**TRY IT**
Check the entries below and say how many lines include the word "circle". No other text is wanted.

(Stored records)
↓

text \<open>The core of the Toeplitz--Hausdorff theorem: after a phase change of $y$ the form takes real
  values along the real segment from $x$ to $y$, so the intermediate value theorem applies.\<close>

lemma sesquilinear_values_0_1_interval:
  assumes B: "sesquilinear B" and x: "norm x = 1" "B x x = 0" and y: "norm y = 1" "B y y = 1"
    and v: "0 \<le> v" "v \<le> 1"
  obtains z where "norm z = 1" "B z z = complex_of_real v"
proof -
  obtain y' where y': "norm y' = 1" "B y' y' = 1" "Im (B x y' + B y' x) = 0"
    using sesquilinear_rotate_cross_real[OF B y] .
  define \<kappa> where "\<kappa> = Re (B x y' + B y' x)"
  have \<kappa>: "B x y' + B y' x = complex_of_real \<kappa>"
    unfolding \<kappa>_def using y'(3) by (simp add: complex_eq_iff)
  define z where "z t = (1 - t) *\<^sub>R x + t *\<^sub>R y'" for t
  have Bz: "B (z t) (z t) = complex_of_real ((1 - t) * t * \<kappa> + t\<^sup>2)" for t
    unfolding z_def sesquilinear_expand_real[OF B] x(2) y'(2) \<kappa> by simp
  have nz: "(norm (z t))\<^sup>2 = (1 - t)\<^sup>2 + t\<^sup>2 + 2 * (1 - t) * t * Re (cinner x y')" for t
    unfolding z_def norm_add_scaleR_sq using x(1) y'(1) by simp
  have z0: "(norm (z t))\<^sup>2 \<noteq> 0" if "t \<in> {0..1}" for t
    using sesquilinear_segment_nonzero[OF B x(1) y'(1)] x(2) y'(2) that unfolding z_def by simp
  define \<phi> where "\<phi> t = ((1 - t) * t * \<kappa> + t\<^sup>2) / (norm (z t))\<^sup>2" for t
  have "continuous_on {0..1} \<phi>"
    unfolding \<phi>_def nz using z0[unfolded nz] by (intro continuous_intros) auto
  moreover have "\<phi> 0 = 0" "\<phi> 1 = 1"
    unfolding \<phi>_def nz by simp_all
  ultimately obtain t where t: "t \<in> {0..1}" "\<phi> t = v"
    using IVT'[of \<phi> 0 v 1] v by auto
  then have "z t \<noteq> 0" using z0 by force
  show ?thesis
  proof
    show "norm ((1 / norm (z t)) *\<^sub>R z t) = 1"
      using \<open>z t \<noteq> 0\<close> by simp
    have "B ((1 / norm (z t)) *\<^sub>R z t) ((1 / norm (z t)) *\<^sub>R z t)
        = complex_of_real (1 / norm (z t) * (1 / norm (z t)) * ((1 - t) * t * \<kappa> + t\<^sup>2))"
      unfolding sesquilinear_scaleR[OF B] Bz by (simp only: of_real_mult)
    also have "\<dots> = complex_of_real v"
      using t(2) unfolding \<phi>_def by (simp add: power2_eq_square)
    finally show "B ((1 / norm (z t)) *\<^sub>R z t) ((1 / norm (z t)) *\<^sub>R z t) = complex_of_real v" .
  qed
qed

lemma (in cbounded_operator) convex_num_range: "convex (num_range A)"
  unfolding convex_def
proof (intro ballI allI impI)
  fix p1 p2 and u v :: real
  assume p: "p1 \<in> num_range A" "p2 \<in> num_range A" and uv: "0 \<le> u" "0 \<le> v" "u + v = 1"
  obtain x y where x: "norm x = 1" "p1 = cinner (A x) x" and y: "norm y = 1" "p2 = cinner (A y) y"
    using p unfolding num_range_def by blast
  have uv_eq: "u *\<^sub>R p1 + v *\<^sub>R p2 = p1 + complex_of_real v * (p2 - p1)"
  proof -
    have "u = 1 - v" using uv by simp
    then show ?thesis by (simp only:) (simp add: scaleR_conv_of_real algebra_simps)
  qed
  show "u *\<^sub>R p1 + v *\<^sub>R p2 \<in> num_range A"
  proof (cases "p1 = p2")
    case True
    show ?thesis using p(1) unfolding uv_eq by (simp add: True)
  next
    case False
    define B where "B a b = (cinner (A a) b - p1 * cinner a b) / (p2 - p1)" for a b
    have "sesquilinear B"
      using sesquilinear_lincomb[OF sesquilinear_compose[OF sesquilinear_cinner cbounded_linear
            cbounded_linear_id] sesquilinear_cinner, of "1 / (p2 - p1)" "- p1 / (p2 - p1)"]
      unfolding B_def by (simp add: diff_divide_distrib)
    moreover have "B x x = 0" "B y y = 1"
      unfolding B_def using x y False by (simp_all add: cinner_self)
    moreover have "v \<le> 1" using uv by simp
    ultimately obtain z where z: "norm z = 1" "B z z = complex_of_real v"
      using sesquilinear_values_0_1_interval x(1) y(1) uv(2) by metis
    then have "cinner (A z) z = p1 + complex_of_real v * (p2 - p1)"
      unfolding B_def using False by (simp add: cinner_self field_simps)
    then show ?thesis
      unfolding uv_eq num_range_def using z(1) by (metis (mono_tags, lifting) mem_Collect_eq)
  qed
qed

section \<open>Chords of the circle\<close>

context cbounded_operator
begin

lemma psd_defect_form:
  "psd_form (\<lambda>u v. complex_of_real (R\<^sup>2) * cinner u v - cinner (A u) (A v))"
  unfolding psd_form_def
proof (intro conjI allI)
  show "sesquilinear (\<lambda>u v. complex_of_real (R\<^sup>2) * cinner u v - cinner (A u) (A v))"
    using sesquilinear_lincomb[OF sesquilinear_cinner
        sesquilinear_compose[OF sesquilinear_cinner cbounded_linear cbounded_linear],
        of "complex_of_real (R\<^sup>2)" "-1"]
    by simp
  show "complex_of_real (R\<^sup>2) * cinner u v - cinner (A u) (A v)
      = cnj (complex_of_real (R\<^sup>2) * cinner v u - cinner (A v) (A u))" for u v
    by (metis cinner_commute complex_cnj_complex_of_real complex_cnj_diff complex_cnj_mult)
  show "0 \<le> Re (complex_of_real (R\<^sup>2) * cinner u u - cinner (A u) (A u))" for u
    using power_mono[OF norm_le[of u] norm_ge_zero]
    by (simp add: Re_cinner_self power_mult_distrib)
qed

lemma defect_tendsto_zero:
  assumes x: "\<And>n. norm (x n) = 1" "(\<lambda>n. norm (A (x n))) \<longlonglongrightarrow> R"
    and w: "\<And>n. norm (w n) \<le> K"
  shows "(\<lambda>n. complex_of_real (R\<^sup>2) * cinner (x n) (w n) - cinner (A (x n)) (A (w n))) \<longlonglongrightarrow> 0"
proof (rule psd_form_tendsto_zero[OF psd_defect_form])
  have "(\<lambda>n. R\<^sup>2 - (norm (A (x n)))\<^sup>2) \<longlonglongrightarrow> R\<^sup>2 - R\<^sup>2"
    by (intro tendsto_intros x(2))
  then show "(\<lambda>n. Re (complex_of_real (R\<^sup>2) * cinner (x n) (x n) - cinner (A (x n)) (A (x n))))
      \<longlonglongrightarrow> 0"
    using x(1) by (simp add: Re_cinner_self)
  show "Re (complex_of_real (R\<^sup>2) * cinner (w n) (w n) - cinner (A (w n)) (A (w n))) \<le> R\<^sup>2 * K\<^sup>2"
    for n
  proof -
    have "R\<^sup>2 * (norm (w n))\<^sup>2 \<le> R\<^sup>2 * K\<^sup>2"
      using w[of n] by (intro mult_left_mono power_mono) auto
    moreover have "Re (complex_of_real (R\<^sup>2) * cinner (w n) (w n) - cinner (A (w n)) (A (w n)))
        = R\<^sup>2 * (norm (w n))\<^sup>2 - (norm (A (w n)))\<^sup>2"
      by (simp add: Re_cinner_self)
    ultimately show ?thesis
      using zero_le_power2[of "norm (A (w n))"] by linarith
  qed
qed

text \<open>Approximate eigenvectors for distinct points of the circle are asymptotically orthogonal:
  the defect form $\|A\|^2\langle u, v\rangle - \langle Au, Av\rangle$ is positive semidefinite and
  vanishes asymptotically on them, while it equals $(\|A\|^2 - a\bar b)\langle x_n, y_n\rangle$ up to
  a null sequence.\<close>

lemma approx_eigenvectors_orthogonal:
  assumes x: "\<And>n. norm (x n) = 1" "(\<lambda>n. A (x n) - a *\<^sub>C x n) \<longlonglongrightarrow> 0"
    and y: "\<And>n. norm (y n) = 1" "(\<lambda>n. A (y n) - b *\<^sub>C y n) \<longlonglongrightarrow> 0"
    and a: "cmod a = R" and b: "cmod b = R" and "a \<noteq> b"
  shows "(\<lambda>n. cinner (x n) (y n)) \<longlonglongrightarrow> 0"
proof -
  define k where "k = complex_of_real (R\<^sup>2) - a * cnj b"
  have "k \<noteq> 0"
  proof
    assume "k = 0"
    then have "a * cnj b = b * cnj b"
      unfolding k_def using b complex_norm_square[of b] by simp
    moreover have "cnj b \<noteq> 0" using b a \<open>a \<noteq> b\<close> by auto
    ultimately show False using \<open>a \<noteq> b\<close> by simp
  qed
  have "(\<lambda>n. cinner (A (x n) - a *\<^sub>C x n) (A (y n)) + a * cinner (x n) (A (y n) - b *\<^sub>C y n))
      \<longlonglongrightarrow> 0 + a * 0"
    using x y norm_le_unit
    by (intro tendsto_intros cinner_tendsto_zero_left cinner_tendsto_zero_right) auto
  moreover have "(\<lambda>n. complex_of_real (R\<^sup>2) * cinner (x n) (y n) - cinner (A (x n)) (A (y n)))
      \<longlonglongrightarrow> 0"
    using defect_tendsto_zero[OF x(1) norm_tendsto_if_approx_eigenvector[OF x a], of y 1] y(1)
    by simp
  ultimately have "(\<lambda>n. k * cinner (x n) (y n)) \<longlonglongrightarrow> 0 + a * 0 + 0"
    unfolding k_def
    by (rule tendsto_add[THEN tendsto_cong[THEN iffD1, rotated]])
      (simp add: cinner_diff_left cinner_diff_right cinner_scaleC_left cinner_scaleC_right
        algebra_simps)
  then have "(\<lambda>n. (k * cinner (x n) (y n)) / k) \<longlonglongrightarrow> (0 + a * 0 + 0) / k"
    by (rule tendsto_divide[OF _ tendsto_const \<open>k \<noteq> 0\<close>])
  then show ?thesis using \<open>k \<noteq> 0\<close> by simp
qed

lemma approx_eigenvectors_cross_terms:
  assumes x: "\<And>n. norm (x n) = 1" "(\<lambda>n. A (x n) - a *\<^sub>C x n) \<longlonglongrightarrow> 0"
    and y: "\<And>n. norm (y n) = 1" "(\<lambda>n. A (y n) - b *\<^sub>C y n) \<longlonglongrightarrow> 0"
    and a: "cmod a = R" and b: "cmod b = R" and "a \<noteq> b"
  shows "(\<lambda>n. cinner (A (x n)) (y n)) \<longlonglongrightarrow> 0" "(\<lambda>n. cinner (A (y n)) (x n)) \<longlonglongrightarrow> 0"
    and "(\<lambda>n. cinner (A (x n)) (A (y n))) \<longlonglongrightarrow> 0"
proof -
  have g: "(\<lambda>n. cinner (x n) (y n)) \<longlonglongrightarrow> 0"
    by (rule approx_eigenvectors_orthogonal[OF assms])
  have "(\<lambda>n. cinner (A (x n) - a *\<^sub>C x n) (y n) + a * cinner (x n) (y n)) \<longlonglongrightarrow> 0 + a * 0"
    using y(1) by (intro tendsto_intros g cinner_tendsto_zero_left[OF x(2), of y 1]) simp
  then show "(\<lambda>n. cinner (A (x n)) (y n)) \<longlonglongrightarrow> 0"
    by (simp add: cinner_diff_left cinner_scaleC_left)
  have "(\<lambda>n. cinner (A (y n) - b *\<^sub>C y n) (x n) + b * cnj (cinner (x n) (y n))) \<longlonglongrightarrow> 0 + b * cnj 0"
    using x(1) by (intro tendsto_intros g cinner_tendsto_zero_left[OF y(2), of x 1]) simp
  then show "(\<lambda>n. cinner (A (y n)) (x n)) \<longlonglongrightarrow> 0"
    by (simp add: cinner_diff_left cinner_scaleC_left flip: cinner_commute)
  have "(\<lambda>n. complex_of_real (R\<^sup>2) * cinner (x n) (y n) - cinner (A (x n)) (A (y n))) \<longlonglongrightarrow> 0"
    using defect_tendsto_zero[OF x(1) norm_tendsto_if_approx_eigenvector[OF x a], of y 1] y(1)
    by simp
  then have "(\<lambda>n. complex_of_real (R\<^sup>2) * cinner (x n) (y n)
      - (complex_of_real (R\<^sup>2) * cinner (x n) (y n) - cinner (A (x n)) (A (y n))))
      \<longlonglongrightarrow> complex_of_real (R\<^sup>2) * 0 - 0"
    by (intro tendsto_intros g)
  then show "(\<lambda>n. cinner (A (x n)) (A (y n))) \<longlonglongrightarrow> 0" by simp
qed

lemma max_num_range_if_approx_eigenvectors:
  assumes x: "\<And>n. norm (x n) = 1" "(\<lambda>n. A (x n) - a *\<^sub>C x n) \<longlonglongrightarrow> 0"
    and y: "\<And>n. norm (y n) = 1" "(\<lambda>n. A (y n) - b *\<^sub>C y n) \<longlonglongrightarrow> 0"
    and a: "cmod a = R" and b: "cmod b = R" and "a \<noteq> b" and \<alpha>\<beta>: "\<alpha>\<^sup>2 + \<beta>\<^sup>2 = 1"
  shows "complex_of_real (\<alpha>\<^sup>2) * a + complex_of_real (\<beta>\<^sup>2) * b \<in> max_num_range A"
proof -
  note g = approx_eigenvectors_orthogonal[OF assms(1-7)]
  note cross = approx_eigenvectors_cross_terms[OF assms(1-7)]
  define z where "z n = \<alpha> *\<^sub>R x n + \<beta> *\<^sub>R y n" for n
  show ?thesis
  proof (rule max_num_range_if_seq_limits)
    have "(\<lambda>n. \<alpha>\<^sup>2 * (norm (x n))\<^sup>2 + \<beta>\<^sup>2 * (norm (y n))\<^sup>2 + 2 * \<alpha> * \<beta> * Re (cinner (x n) (y n)))
        \<longlonglongrightarrow> \<alpha>\<^sup>2 * 1 + \<beta>\<^sup>2 * 1 + 2 * \<alpha> * \<beta> * Re 0"
      using x(1) y(1) by (intro tendsto_intros g) simp_all
    then show "(\<lambda>n. (norm (z n))\<^sup>2) \<longlonglongrightarrow> 1"
      unfolding z_def norm_add_scaleR_sq using \<alpha>\<beta> by simp
    have "(\<lambda>n. \<alpha>\<^sup>2 * (norm (A (x n)))\<^sup>2 + \<beta>\<^sup>2 * (norm (A (y n)))\<^sup>2
        + 2 * \<alpha> * \<beta> * Re (cinner (A (x n)) (A (y n)))) \<longlonglongrightarrow> \<alpha>\<^sup>2 * R\<^sup>2 + \<beta>\<^sup>2 * R\<^sup>2 + 2 * \<alpha> * \<beta> * Re 0"
      by (intro tendsto_intros cross(3) norm_tendsto_if_approx_eigenvector[OF x a]
          norm_tendsto_if_approx_eigenvector[OF y b])
    moreover have "\<alpha>\<^sup>2 * R\<^sup>2 + \<beta>\<^sup>2 * R\<^sup>2 + 2 * \<alpha> * \<beta> * Re 0 = 1 * R\<^sup>2"
      using \<alpha>\<beta> by (simp add: ring_distribs(2)[symmetric])
    ultimately show "(\<lambda>n. (norm (A (z n)))\<^sup>2) \<longlonglongrightarrow> 1 * R\<^sup>2"
      unfolding z_def add scaleR norm_add_scaleR_sq by (simp only:)
    have expand: "cinner (A (z n)) (z n) = complex_of_real (\<alpha>\<^sup>2) * cinner (A (x n)) (x n)
        + complex_of_real (\<alpha> * \<beta>) * (cinner (A (x n)) (y n) + cinner (A (y n)) (x n))
        + complex_of_real (\<beta>\<^sup>2) * cinner (A (y n)) (y n)" for n
      unfolding z_def
      by (rule sesquilinear_expand_real[OF sesquilinear_compose[OF sesquilinear_cinner
            cbounded_linear cbounded_linear_id]])
    have "(\<lambda>n. cinner (A (z n)) (z n))
      \<longlonglongrightarrow> complex_of_real (\<alpha>\<^sup>2) * a + complex_of_real (\<alpha> * \<beta>) * (0 + 0) + complex_of_real (\<beta>\<^sup>2) * b"
      unfolding expand
      by (intro tendsto_intros cross(1,2) cinner_tendsto_if_approx_eigenvector[OF x]
          cinner_tendsto_if_approx_eigenvector[OF y])
    then show "(\<lambda>n. cinner (A (z n)) (z n))
        \<longlonglongrightarrow> complex_of_real 1 * (complex_of_real (\<alpha>\<^sup>2) * a + complex_of_real (\<beta>\<^sup>2) * b)"
      by simp
  qed simp
qed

↑

**SOLUTION TO THE PROBLEM**
2